All DNA extraction procedures were conducted using an Ezup Food Genomic DNA Extraction Kit according to the manufacturer’s instructions. Briefly, 100–200 mg sorghum powder, 1 mL GMO buffer and 20 μL proteinase K were added into the centrifuge tube. These were incubated at 65 °C for 30 min and centrifuged at 12,000 rpm for 10 min. After that, 400 μL chloroform was added to the supernatant, and the mixture was centrifuged at 12,000 rpm for 10 min. The new supernatant was transferred to a new centrifuge tube. The experimenter added GMP buffer into the new centrifuge tube, centrifuged it at 12,000 rpm for 5 min, then discarded the supernatant and retained the sediment. Then, 350 μL DRL buffer and 300 μL anhydrous ethanol were added to the sediment. All of them were transferred to the adsorption column after the sediment was fully suspended. Next, the adsorption column was centrifuged at 10,000 rpm for 2 min. Following, the solution was poured out in a collection tube. 500 μL wash solution was added to the adsorption column, and it was centrifuged at 10,000 rpm for 1 min. The experimenter needed to repeat this operation twice. Then, the solution in the collection tube was poured out again, and the adsorption column was centrifuged at 12,000 rpm for 2 min. Finally, the experimenter took out the adsorption column, put it into a new centrifuge tube, added 30 μL of nuclease-free H2O or TE buffer, and centrifuged it at 12,000 rpm for 2 min. The quantity and quality of the obtained DNA solution were measured with a microplate reader Synergy H1 (BioTek, Winooski, VT, USA) and stored at −20 °C for subsequent experiments.
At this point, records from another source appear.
lemma card_bounded_exponents_empty:
  "finite J \<Longrightarrow> card (bounded_exponents J {} n) = (n + card J) choose card J"
proof (induction J arbitrary: n rule: finite_induct)
  case empty
  have "bounded_exponents {} {} n = {\<lambda>_. 0}"
    by (auto simp: bounded_exponents_def)
  then show ?case
    by simp
next
  case (insert a J)
  let ?upd = "\<lambda>j e. e(a := j)"
  have inj: "inj_on (?upd j) (bounded_exponents J {} m)" for j m
  proof (rule inj_onI)
    fix e e' assume "e \<in> bounded_exponents J {} m" "e' \<in> bounded_exponents J {} m" "e(a := j) = e'(a := j)"
    then show "e = e'"
      using insert(2) by (auto simp: bounded_exponents_def fun_eq_iff) (metis fun_upd_other)
  qed
  have "card (bounded_exponents (insert a J) {} n) = (\<Sum>j\<in>{0..n}. card (?upd j ` bounded_exponents J {} (n - j)))"
    unfolding bounded_exponents_insert[OF insert(1,2)]
    by (rule card_UN_disjoint) (auto simp: finite_bounded_exponents[OF insert(1)] dest!: fun_cong[where x = a])
  also have "\<dots> = (\<Sum>j\<in>{0..n}. (n - j + card J) choose card J)"
    using inj insert.IH by (simp add: card_image)
  also have "\<dots> = (n + card (insert a J)) choose card (insert a J)"
    using sum_choose_diff insert by simp
  finally show ?case .
qed

lemma bounded_exponents_shift:
  assumes J: "finite J" and P: "P \<subseteq> J" "card P \<le> n"
  shows "bounded_exponents J P n
    = (\<lambda>e i. e i + (if i \<in> P then 1 else 0)) ` bounded_exponents J {} (n - card P)"
    (is "_ = ?g ` _")
proof -
  have card_P: "sum (\<lambda>i. if i \<in> P then 1 else 0) J = card P"
    using J P by (simp add: sum.If_cases Int_absorb1)
  show ?thesis
  proof safe
    fix e assume e: "e \<in> bounded_exponents J P n"
    let ?h = "\<lambda>i. e i - (if i \<in> P then 1 else 0)"
    have eh: "e = ?g ?h"
      using e by (auto simp: bounded_exponents_def fun_eq_iff)
    have "sum e J = sum ?h J + card P"
      by (subst eh) (simp add: sum.distrib card_P)
    then have "?h \<in> bounded_exponents J {} (n - card P)"
      using e P by (auto simp: bounded_exponents_def)
    then show "e \<in> ?g ` bounded_exponents J {} (n - card P)"
      by (intro image_eqI[where x = ?h] eh)
  next
    fix e assume e: "e \<in> bounded_exponents J {} (n - card P)"
    have "sum (?g e) J = sum e J + card P"
      by (simp add: sum.distrib card_P)
    then show "?g e \<in> bounded_exponents J P n"
      using e P by (auto simp: bounded_exponents_def)
  qed
qed

lemma bounded_exponents_eq_empty:
  assumes J: "finite J" and P: "P \<subseteq> J" "n < card P"
  shows "bounded_exponents J P n = {}"
proof safe
  fix e assume e: "e \<in> bounded_exponents J P n"
  have "card P = sum (\<lambda>_. 1::nat) P"
    by simp
  also have "\<dots> \<le> sum e P"
    using e by (intro sum_mono) (auto simp: bounded_exponents_def)
  also have "\<dots> \<le> sum e J"
    using J P by (intro sum_mono2) auto
  also have "\<dots> \<le> n"
    using e by (simp add: bounded_exponents_def)
  finally show "e \<in> {}"
    using P by simp
qed

lemma card_bounded_exponents:
  assumes J: "finite J" and P: "P \<subseteq> J"
  shows "card (bounded_exponents J P n) = (n + card J - card P) choose card J"
proof (cases "card P \<le> n")
  case True
  have "inj_on (\<lambda>e i. e i + (if i \<in> P then 1 else 0)) (bounded_exponents J {} (n - card P))"
    by (rule inj_onI) (auto simp: fun_eq_iff)
  then have "card (bounded_exponents J P n) = card (bounded_exponents J {} (n - card P))"
    by (simp add: bounded_exponents_shift[OF J P True] card_image)
  also have "\<dots> = (n - card P + card J) choose card J"
    using card_bounded_exponents_empty[OF J] .
  finally show ?thesis
    using True by simp
next
  case False
  then have "n + card J - card P < card J"
    using card_mono[OF J P] by linarith
  then show ?thesis
    using bounded_exponents_eq_empty[OF J P] False by simp
qed

lemma mem_bounded_exponents_iff:
  assumes "J \<subseteq> {1..9}"
  shows "e \<in> bounded_exponents J P n \<longleftrightarrow>
    e \<in> exponents \<and> (\<forall>i\<in>{1..9} - J. e i = 0) \<and> deg e \<le> n \<and> (\<forall>p\<in>P. 1 \<le> e p)"
proof -
  have "(\<forall>i. i \<notin> J \<longrightarrow> e i = 0) \<longleftrightarrow> e \<in> exponents \<and> (\<forall>i\<in>{1..9} - J. e i = 0)"
    using assms unfolding exponents_def by blast
  moreover have "sum e J = deg e" if "\<forall>i\<in>{1..9} - J. e i = 0"
    unfolding deg_def using assms that by (intro sum.mono_neutral_left) auto
  ultimately show ?thesis
    unfolding bounded_exponents_def by auto
qed

(* Split by which of e 2, e 3, e 6 are positive; the forbidden pairs force the other zeros. *)
lemma std_exponents_split:
  "std_exponents n = bounded_exponents {1,4,5,7,8,9} {} n \<union> bounded_exponents {1,2,4,7,8,9} {2} n
     \<union> bounded_exponents {1,3,4,5,7,9} {3} n \<union> bounded_exponents {1,2,3,4,7,9} {2,3} n
     \<union> bounded_exponents {1,4,5,6,8,9} {6} n"
proof -
  have sub: "{1,4,5,7,8,9} \<subseteq> {1..9::nat}" "{1,2,4,7,8,9} \<subseteq> {1..9::nat}" "{1,3,4,5,7,9} \<subseteq> {1..9::nat}"
    "{1,2,3,4,7,9} \<subseteq> {1..9::nat}" "{1,4,5,6,8,9} \<subseteq> {1..9::nat}"
    by auto
  have compl: "{1..9} - {1,4,5,7,8,9} = {2,3,6::nat}" "{1..9} - {1,2,4,7,8,9} = {3,5,6::nat}"
    "{1..9} - {1,3,4,5,7,9} = {2,6,8::nat}" "{1..9} - {1,2,3,4,7,9} = {5,6,8::nat}"
    "{1..9} - {1,4,5,6,8,9} = {2,3,7::nat}"
    by auto
  show ?thesis
    unfolding set_eq_iff Un_iff mem_bounded_exponents_iff[OF sub(1)] mem_bounded_exponents_iff[OF sub(2)]
      mem_bounded_exponents_iff[OF sub(3)] mem_bounded_exponents_iff[OF sub(4)] mem_bounded_exponents_iff[OF sub(5)]
      compl std_exponents_def mem_Collect_eq standard_def
    apply (rule allI)
    subgoal for e
      by (cases "e 2 = 0"; cases "e 3 = 0"; cases "e 6 = 0") auto
    done
qed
2.4. Primer Design and PCR Amplification
Ten allele-specific forward primers and reverse primers were designed to distinguish between wx
c and non-wx
c. The primers are listed in
Table S1.
The PCR reactions were performed in a final volume of 20 μL and contained 1 μL of DNA template, 1 μL of forward primer (0.2 μM), 1 μL of reverse primer (0.2 μM), 10 μL of SanTaq Plus PCR Master Mix, and 8 μL of nuclease-free H2O. The PCR conditions were proceeded as follows: an initial denaturation at 95 °C for 10 min; followed by 35 cycles of 95 °C for 10 s, 60 °C for 1 min, 72 °C for 30 s; and a final extension at 72 °C for 7 min. PCR amplifications were performed in a ProFlexTM 3 × 32-well PCR System (Thermo Fisher Scientific, Waltham, MA, USA).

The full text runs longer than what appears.